Biden appeared at a forum examining Mondale's tenure as vice president. (Photo by Tom Williams/CQ Roll Call)

Vice President Joseph R. Biden uttered nary a word about seeking the Democratic nomination for president during a Tuesday morning forum, but he trumpeted several key parts of his resume that could set him apart from the field.

Biden was on stage for about an hour at George Washington University, less than one mile from the Oval Office. A capacity crowd filled a GWU auditorium in anticipation for what one audience member was heard describing as “the big announcement.”

But other than one reference to Iowa — Biden said he was worried people would think he was running when Chinese President Xi Jinping’s recently visited Iowa — the vice president kept his thinking about a third presidential bid to himself. He noted that he spent “four of five days” with Xi during his U.S. visit.

Biden did, however, tout several parts of his long Washington resume that could boost another White House bid — and set him apart from the rest of the Democratic field, including former Secretary of State Hillary Rodham Clinton.

For one, the 47th U.S. vice president played up his “close personal relationships” with world leaders. He did make a passing — though veiled — reference to Clinton, saying the Obama administration has had “two great secretaries of State.”

But Biden also described his relationships with many global leaders as “long,” noting he first met some of them decades ago while he was a senator. Notably, he pointed to leaders in Eastern and Central Europe — where once-and-again U.S. foe Russia is flexing its muscles — and China, the Asian giant widely considered as America’s top economic and military rival.

The vice president noted for the audience that he sometimes is tapped by President Barack Obama to travel around the globe “to speak to [Russian President Vladimir] Putin” and other world leaders.

Those leaders listen to him, Biden said, “because [they know] I speak for the president.”

“There’s nothing missing between the lip and the cup,” Biden quipped, describing his role within the Obama administration and relationship with Obama.

What’s more, Biden also touted his proximity to presidential decision-making, saying he demanded and has maintained the status of being the last adviser in the room with Obama on major decisions.
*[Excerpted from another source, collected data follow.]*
(* Let $U:\mathbb{R}^d\to\mathbb{R}$ be twice continuously differentiable. For all $q_0,p_0\in\mathbb{R}^d$ and $h>0$, writing $(q_1,p_1)=\Phi_h(q_0,p_0)$ and $q_t=q_0+t(q_1-q_0)$ for $t\in[0,1]$, $$\begin{aligned}H(\Phi_h(q_0,p_0))-H(q_0,p_0)&=h^2\int_0^1\langle p_0,\nabla^2U(q_t)p_0\rangle(1/2-t)\,dt+h^3\int_0^1\langle p_0,\nabla^2U(q_t)\nabla U(q_0)\rangle(t-1/4)\,dt\\&\quad-\frac{h^4}{4}\int_0^1\langle\nabla U(q_0),\nabla^2U(q_t)\nabla U(q_0)\rangle\,t\,dt+\frac{h^4}{8}\Big\|\int_0^1\nabla^2U(q_t)p_0\,dt\Big\|^2\\&\quad-\frac{h^5}{8}\Big\langle\int_0^1\nabla^2U(q_t)\nabla U(q_0)\,dt,\int_0^1\nabla^2U(q_t)p_0\,dt\Big\rangle+\frac{h^6}{32}\Big\|\int_0^1\nabla^2U(q_t)\nabla U(q_0)\,dt\Big\|^2.\end{aligned}$$
   Context: $H(q,p)=U(q)+\|p\|^2/2$. The leapfrog map is $\Phi_h=\Psi^{(1)}_h\circ\Psi^{(2)}_h\circ\Psi^{(1)}_h$ with $\Psi^{(1)}_h(q,p)=(q,p-(h/2)\nabla U(q))$ and $\Psi^{(2)}_h(q,p)=(q+hp,p)$, i.e. $q_1=q_0+hp_0-(h^2/2)\nabla U(q_0)$ and $p_1=p_0-(h/2)(\nabla U(q_0)+\nabla U(q_1))$. *)

theory Defs
  imports "HOL-Analysis.Analysis"
begin

definition ham :: "('a::real_normed_vector \<Rightarrow> real) \<Rightarrow> 'a \<times> 'a \<Rightarrow> real" where
  "ham U = (\<lambda>(q, p). U q + (norm p)^2 / 2)"

definition kick :: "('a::real_vector \<Rightarrow> 'a) \<Rightarrow> real \<Rightarrow> 'a \<times> 'a \<Rightarrow> 'a \<times> 'a" where
  "kick gU h = (\<lambda>(q, p). (q, p - (h / 2) *\<^sub>R gU q))"

definition drift :: "real \<Rightarrow> 'a::real_vector \<times> 'a \<Rightarrow> 'a \<times> 'a" where
  "drift h = (\<lambda>(q, p). (q + h *\<^sub>R p, p))"

definition leapfrog :: "('a::real_vector \<Rightarrow> 'a) \<Rightarrow> real \<Rightarrow> 'a \<times> 'a \<Rightarrow> 'a \<times> 'a" where
  "leapfrog gU h = kick gU h \<circ> drift h \<circ> kick gU h"

end

theory Submission
  imports Defs
begin

(* With g = grad U(q0), one leapfrog step moves q by d = h p0 - (h^2/2) g, and all integrals in
   the statement are bilinear forms of the two moments M0 = int_0^1 Hess U(q_t) dt and
   M1 = int_0^1 t Hess U(q_t) dt. The fundamental theorem of calculus along the segment gives
   grad U(q1) = g + M0 d, and Taylor's formula with integral remainder gives
   U(q1) = U(q0) + <g, d> + <d, (M0 - M1) d>. Substituting both into
   p1 = p0 - (h/2) (g + grad U(q1)) turns the energy error into a polynomial in h; its
   coefficients match the statement once the cross terms <p0, M g> and <g, M p0> are merged,
   which needs the symmetry of the Hessian (Schwarz's theorem). *)

lemma has_vector_derivative_along_line:
  fixes f :: "'a::real_normed_vector \<Rightarrow> 'b::real_normed_vector"
  assumes "\<And>x. (f has_derivative f' x) (at x)"
  shows "((\<lambda>s. f (c + s *\<^sub>R u)) has_vector_derivative f' (c + s *\<^sub>R u) u) (at s within S)"
proof -
  have "((\<lambda>s. c + s *\<^sub>R u) has_derivative (\<lambda>k. k *\<^sub>R u)) (at s within S)"
    by (auto intro!: derivative_eq_intros)
  from has_derivative_compose[OF this assms]
  have "((\<lambda>s. f (c + s *\<^sub>R u)) has_derivative (\<lambda>k. f' (c + s *\<^sub>R u) (k *\<^sub>R u))) (at s within S)"
    by (simp add: o_def)
  moreover have "linear (f' (c + s *\<^sub>R u))"
    using assms has_derivative_linear by blast
  ultimately show ?thesis
    by (simp add: has_vector_derivative_def linear.scaleR)
qed

lemma has_real_derivative_along_line:
  fixes U :: "'a::real_inner \<Rightarrow> real"
  assumes "\<And>x. (U has_derivative (\<lambda>v. gU x \<bullet> v)) (at x)"
  shows "((\<lambda>s. U (c + s *\<^sub>R u)) has_real_derivative gU (c + s *\<^sub>R u) \<bullet> u) (at s within S)"
  using has_vector_derivative_along_line[OF assms]
  by (simp add: has_real_derivative_iff_has_vector_derivative)

lemma has_real_derivative_inner_along_line:
  fixes gU :: "real^'n \<Rightarrow> real^'n"
  assumes "\<And>x. (gU has_derivative (\<lambda>v. HU x *v v)) (at x)"
  shows "((\<lambda>s. w \<bullet> gU (c + s *\<^sub>R u)) has_real_derivative w \<bullet> (HU (c + s *\<^sub>R u) *v u)) (at s within S)"
  using bounded_linear.has_vector_derivative[OF bounded_linear_inner_right
      has_vector_derivative_along_line[OF assms]]
  by (simp add: has_real_derivative_iff_has_vector_derivative)

lemma second_difference_mean_value:
  fixes U :: "real^'n \<Rightarrow> real" and gU :: "real^'n \<Rightarrow> real^'n"
  assumes grad: "\<And>x. (U has_derivative (\<lambda>v. gU x \<bullet> v)) (at x)"
    and hess: "\<And>x. (gU has_derivative (\<lambda>v. HU x *v v)) (at x)"
    and "e > 0"
  obtains y where "norm (y - x) \<le> e * (norm u + norm v)"
    and "U (x + e *\<^sub>R u + e *\<^sub>R v) - U (x + e *\<^sub>R u) - U (x + e *\<^sub>R v) + U x
           = e^2 * (u \<bullet> (HU y *v v))"
proof -
  define \<Phi> where "\<Phi> = (\<lambda>s. U ((x + e *\<^sub>R v) + s *\<^sub>R u) - U (x + s *\<^sub>R u))"
  have "(\<Phi> has_real_derivative gU ((x + e *\<^sub>R v) + s *\<^sub>R u) \<bullet> u - gU (x + s *\<^sub>R u) \<bullet> u) (at s)" for s
    unfolding \<Phi>_def by (intro DERIV_diff has_real_derivative_along_line[OF grad])
  from MVT2[OF \<open>e > 0\<close> this] obtain \<xi> where \<xi>: "0 < \<xi>" "\<xi> < e"
    and \<Phi>_mvt: "\<Phi> e - \<Phi> 0 = e * (u \<bullet> gU ((x + \<xi> *\<^sub>R u) + e *\<^sub>R v) - u \<bullet> gU ((x + \<xi> *\<^sub>R u) + 0 *\<^sub>R v))"
    by (auto simp: algebra_simps inner_commute)
  define \<Psi> where "\<Psi> = (\<lambda>t. u \<bullet> gU ((x + \<xi> *\<^sub>R u) + t *\<^sub>R v))"
  have "(\<Psi> has_real_derivative u \<bullet> (HU ((x + \<xi> *\<^sub>R u) + t *\<^sub>R v) *v v)) (at t)" for t
    unfolding \<Psi>_def by (rule has_real_derivative_inner_along_line[OF hess])
  from MVT2[OF \<open>e > 0\<close> this] obtain \<eta> where \<eta>: "0 < \<eta>" "\<eta> < e"
    and \<Psi>_mvt: "\<Psi> e - \<Psi> 0 = e * (u \<bullet> (HU ((x + \<xi> *\<^sub>R u) + \<eta> *\<^sub>R v) *v v))"
    by auto
  define y where "y = (x + \<xi> *\<^sub>R u) + \<eta> *\<^sub>R v"
  have "norm (y - x) \<le> \<xi> * norm u + \<eta> * norm v"
    using \<xi> \<eta> norm_triangle_ineq[of "\<xi> *\<^sub>R u" "\<eta> *\<^sub>R v"] by (simp add: y_def)
  also have "\<dots> \<le> e * (norm u + norm v)"
    using \<xi> \<eta> by (simp add: distrib_left add_mono mult_right_mono)
  finally have "norm (y - x) \<le> e * (norm u + norm v)" .
  moreover have "U (x + e *\<^sub>R u + e *\<^sub>R v) - U (x + e *\<^sub>R u) - U (x + e *\<^sub>R v) + U x = \<Phi> e - \<Phi> 0"
    by (simp add: \<Phi>_def add_ac)
  with \<Phi>_mvt \<Psi>_mvt have "U (x + e *\<^sub>R u + e *\<^sub>R v) - U (x + e *\<^sub>R u) - U (x + e *\<^sub>R v) + U x
      = e^2 * (u \<bullet> (HU y *v v))"
    by (simp add: \<Psi>_def y_def power2_eq_square)
  ultimately show ?thesis by (rule that)
qed

text \<open>Schwarz's theorem: both orders of the second difference equal \<open>e\<^sup>2\<close> times a value of the
  Hessian at points converging to \<open>x\<close> as \<open>e \<rightarrow> 0\<close>.\<close>
lemma hessian_symmetric:
  fixes U :: "real^'n \<Rightarrow> real" and gU :: "real^'n \<Rightarrow> real^'n"
  assumes grad: "\<And>x. (U has_derivative (\<lambda>v. gU x \<bullet> v)) (at x)"
    and hess: "\<And>x. (gU has_derivative (\<lambda>v. HU x *v v)) (at x)"
    and cont: "continuous_on UNIV HU"
  shows "u \<bullet> (HU x *v v) = v \<bullet> (HU x *v u)"
proof -
  define e where "e = (\<lambda>n. inverse (real (Suc n)))"
  define C where "C = norm u + norm v"
  have "\<exists>y z. norm (y - x) \<le> e n * C \<and> norm (z - x) \<le> e n * C
              \<and> u \<bullet> (HU y *v v) = v \<bullet> (HU z *v u)" for n
  proof -
    have en: "e n > 0" by (simp add: e_def)
    obtain y where y: "norm (y - x) \<le> e n * C"
      "U (x + e n *\<^sub>R u + e n *\<^sub>R v) - U (x + e n *\<^sub>R u) - U (x + e n *\<^sub>R v) + U x
         = (e n)^2 * (u \<bullet> (HU y *v v))"
      using second_difference_mean_value[OF grad hess en] unfolding C_def by blast
    obtain z where z: "norm (z - x) \<le> e n * C"
      "U (x + e n *\<^sub>R v + e n *\<^sub>R u) - U (x + e n *\<^sub>R v) - U (x + e n *\<^sub>R u) + U x
         = (e n)^2 * (v \<bullet> (HU z *v u))"
      using second_difference_mean_value[OF grad hess en] unfolding C_def by (metis add.commute)
    have swap: "x + e n *\<^sub>R v + e n *\<^sub>R u = x + e n *\<^sub>R u + e n *\<^sub>R v"
      by (simp add: add_ac)
    have "(e n)^2 * (u \<bullet> (HU y *v v)) = (e n)^2 * (v \<bullet> (HU z *v u))"
      using y(2) z(2) unfolding swap by linarith
    with en y(1) z(1) show ?thesis by auto
  qed
  then obtain Y Z where YZ: "\<And>n. norm (Y n - x) \<le> e n * C" "\<And>n. norm (Z n - x) \<le> e n * C"
    and eq: "\<And>n. u \<bullet> (HU (Y n) *v v) = v \<bullet> (HU (Z n) *v u)"
    by metis
  have e0: "(\<lambda>n. e n * C) \<longlonglongrightarrow> 0"
    unfolding e_def by (intro tendsto_mult_left_zero LIMSEQ_inverse_real_of_nat)
  have "Y \<longlonglongrightarrow> x" "Z \<longlonglongrightarrow> x"
    by (rule LIM_zero_cancel, rule Lim_null_comparison[OF _ e0], use YZ in auto)+
  moreover have "continuous_on UNIV (\<lambda>y. a \<bullet> (HU y *v b))" for a b
    unfolding matrix_mult_dot by (intro continuous_intros continuous_on_vec_lambda cont)
  ultimately have "(\<lambda>n. u \<bullet> (HU (Y n) *v v)) \<longlonglongrightarrow> u \<bullet> (HU x *v v)"
    and "(\<lambda>n. u \<bullet> (HU (Y n) *v v)) \<longlonglongrightarrow> v \<bullet> (HU x *v u)"
    using continuous_on_tendsto_compose[of UNIV] eq by fastforce+
  then show ?thesis by (rule LIMSEQ_unique)
qed

lemma bounded_linear_matrix_vector_mult_left: "bounded_linear (\<lambda>A::real^'n^'m. A *v x)"
  unfolding linear_conv_bounded_linear[symmetric]
  by (simp add: linear_iff matrix_vector_mult_add_rdistrib scaleR_matrix_vector_assoc)

lemma has_integral_matrix_vector_mult:
  fixes A :: "real \<Rightarrow> real^'n^'m"
  assumes "(A has_integral M) S"
  shows "((\<lambda>t. A t *v x) has_integral M *v x) S"
  using has_integral_linear[OF assms bounded_linear_matrix_vector_mult_left] by (simp add: o_def)

lemma has_integral_inner_matrix_vector_mult:
  fixes A :: "real \<Rightarrow> real^'n^'m"
  assumes "(A has_integral M) S"
  shows "((\<lambda>t. x \<bullet> (A t *v y)) has_integral x \<bullet> (M *v y)) S"
  using has_integral_linear[OF has_integral_matrix_vector_mult[OF assms] bounded_linear_inner_right]
  by (simp add: o_def)

lemma integral_matrix_vector_mult:
  fixes A :: "real \<Rightarrow> real^'n^'m"
  assumes "A integrable_on S"
  shows "integral S (\<lambda>t. A t *v x) = integral S A *v x"
  using has_integral_matrix_vector_mult[OF integrable_integral[OF assms]] by (rule integral_unique)

lemma integral_symmetric_matrix:
  fixes A :: "real \<Rightarrow> real^'n^'n"
  assumes sym: "\<And>t x y. x \<bullet> (A t *v y) = y \<bullet> (A t *v x)"
  shows "x \<bullet> (integral S A *v y) = y \<bullet> (integral S A *v x)"
proof (cases "A integrable_on S")
  case True
  have "(\<lambda>t. y \<bullet> (A t *v x)) = (\<lambda>t. x \<bullet> (A t *v y))"
    by (rule ext) (rule sym)
  then show ?thesis
    using has_integral_inner_matrix_vector_mult[OF integrable_integral[OF True], of x y]
      has_integral_inner_matrix_vector_mult[OF integrable_integral[OF True], of y x]
    by (metis has_integral_unique)
next
  case False
  then show ?thesis
    by (simp add: not_integrable_integral)
qed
The former Delaware senator also pointed out that he has led 18 Cabinet meetings as vice president, typically about matters spanning multiple federal departments on which Obama granted him full authority.

During one, the potential 2016 candidate said, a Cabinet secretary advised meeting without Obama was unwise. According to Biden, he shot back: “How about you do what I tell you, or go talk to the president?”
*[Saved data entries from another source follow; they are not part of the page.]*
text \<open>Combinatorial model of the indecomposable modules of the self-injective
Nakayama algebra A_n^{dn} = kQ/I (cyclic quiver 1 -> 2 -> ... -> n -> 1, all
paths of length dn+1 zero).  Every indecomposable module is uniserial and is
determined by its top S_a (a in {1..n}) and its length l, 1 <= l <= dn+1;
its composition factors from top to socle are S_a, S_(a+1), ..., S_(a+l-1)
(indices modulo n).  We represent it by the pair (a, l).\<close>

type_synonym nmod = "nat \<times> nat"

definition loewy :: "nat \<Rightarrow> nat \<Rightarrow> nat" where
  "loewy n d = d * n + 1"

definition is_ind :: "nat \<Rightarrow> nat \<Rightarrow> nmod \<Rightarrow> bool" where
  "is_ind n d X \<longleftrightarrow> fst X \<in> {1..n} \<and> 1 \<le> snd X \<and> snd X \<le> loewy n d"

text \<open>indecomposable non-projective module (the projectives are those of length dn+1)\<close>
definition is_ind_nonproj :: "nat \<Rightarrow> nat \<Rightarrow> nmod \<Rightarrow> bool" where
  "is_ind_nonproj n d X \<longleftrightarrow> fst X \<in> {1..n} \<and> 1 \<le> snd X \<and> snd X \<le> d * n"

definition top_of :: "nmod \<Rightarrow> nat" where
  "top_of X = fst X"

text \<open>index of the socle: S_(a+l-1), labels taken in {1..n}\<close>
definition soc_of :: "nat \<Rightarrow> nmod \<Rightarrow> nat" where
  "soc_of n X = ((fst X + snd X - 2) mod n) + 1"

text \<open>the number t such that the top occurs t+1 times as composition factor\<close>
definition tmult :: "nat \<Rightarrow> nmod \<Rightarrow> nat" where
  "tmult n X = (snd X - 1) div n"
Biden also provided a window into how he might select a vice president, should he win a possible three-way brawl with Clinton and Sen. Bernard Sanders, I-Vt.

The main reason his relationship with Obama has remained strong, he said, is because “we’re simpatico” on major policy issues. He acknowledged small differences as candidates with Obama during the 2008 election cycle, but added the duo never disagreed on “substantive issues.”
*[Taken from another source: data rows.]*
lemma rank_strict_mono_flat:
  assumes F: "flat E I F" and G: "flat E I G" and FG: "F \<subset> G"
  shows "mrank I F < mrank I G"
proof -
  obtain e where e: "e \<in> G - F" using FG by auto
  then have "mrank I (insert e F) = mrank I F + 1"
    using rank_insert_flat[OF F] flat_subset_ground[OF G] by auto
  moreover have "mrank I (insert e F) \<le> mrank I G" using rank_mono e FG by auto
  ultimately show ?thesis by simp
qed

lemma flat_cover_within:
  assumes F: "flat E I F" and G: "flat E I G" and FG: "F \<subset> G"
  obtains H where "flat E I H" "F \<subset> H" "H \<subseteq> G" "mrank I H = mrank I F + 1"
proof -
  obtain e where e: "e \<in> G - F" using FG by blast
  have eF: "insert e F \<subseteq> E" using e flat_subset_ground[OF F] flat_subset_ground[OF G] by blast
  let ?H = "mclosure E I (insert e F)"
  show ?thesis
  proof (rule that)
    show "flat E I ?H" using flat_mclosure[OF eF] .
    show "F \<subset> ?H" using subset_mclosure[OF eF] e by blast
    show "?H \<subseteq> G" using mclosure_least[OF G] e FG by blast
    show "mrank I ?H = mrank I F + 1"
      using rank_mclosure[OF eF] rank_insert_flat[OF F, of e] e flat_subset_ground[OF G] by auto
  qed
qed

end

locale loopless_matroid = matroid +
  assumes loopless: "loopless E I"
begin

lemma flat_empty: "flat E I {}"
  using loopless rank_indep rank_empty unfolding loopless_def flat_def by auto

lemma rank_pos:
  assumes "F \<subseteq> E" "F \<noteq> {}"
  shows "1 \<le> mrank I F"
proof -
  obtain x where x: "x \<in> F" using assms(2) by blast
  then have "mrank I {x} = 1"
    using loopless assms(1) rank_indep unfolding loopless_def by auto
  then show ?thesis using rank_mono[of "{x}" F] x by simp
qed

end

definition flag_of_flats :: "nat set \<Rightarrow> nat set set \<Rightarrow> nat set set \<Rightarrow> bool" where
  "flag_of_flats E I C \<longleftrightarrow> braid_cone E C \<and> (\<forall>F\<in>C. flat E I F)"

definition full_flag :: "nat set \<Rightarrow> nat set set \<Rightarrow> nat set set \<Rightarrow> bool" where
  "full_flag E I C \<longleftrightarrow> flag_of_flats E I C \<and> card C = matroid_rank E I - 1"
Reminding the audience he initially turned down Obama’s offer of the vice presidency, Biden said it is important for a VP candidate to decide and make clear to his or her potential boss “what you want to do.”

His appearance at a GWU-University of Minnesota forum examining Walter Mondale’s vice presidential tenure came amid speculation that he is nearing a decision about running.

A new poll might give him pause.

It is more likely Democratic primary voters (38 percent) would prefer Biden not jump into the race for the party’s presidential nomination than want him to (30 percent), according to the NBC News/Wall Street Journal poll. Another 31 percent had no opinion. Should Biden jump into the race, he is expected to siphon support — voters and campaign funds — from Clinton, opening a door for a three-way fight for the nomination that could seriously include Sanders.

Whether or not Biden runs, Mondale said part of his decades-long legacy of public service will be helping to “executivize” the vice presidency, a truly wonky term for ensuring future VPs have a strong role in future administrations’ decision-making.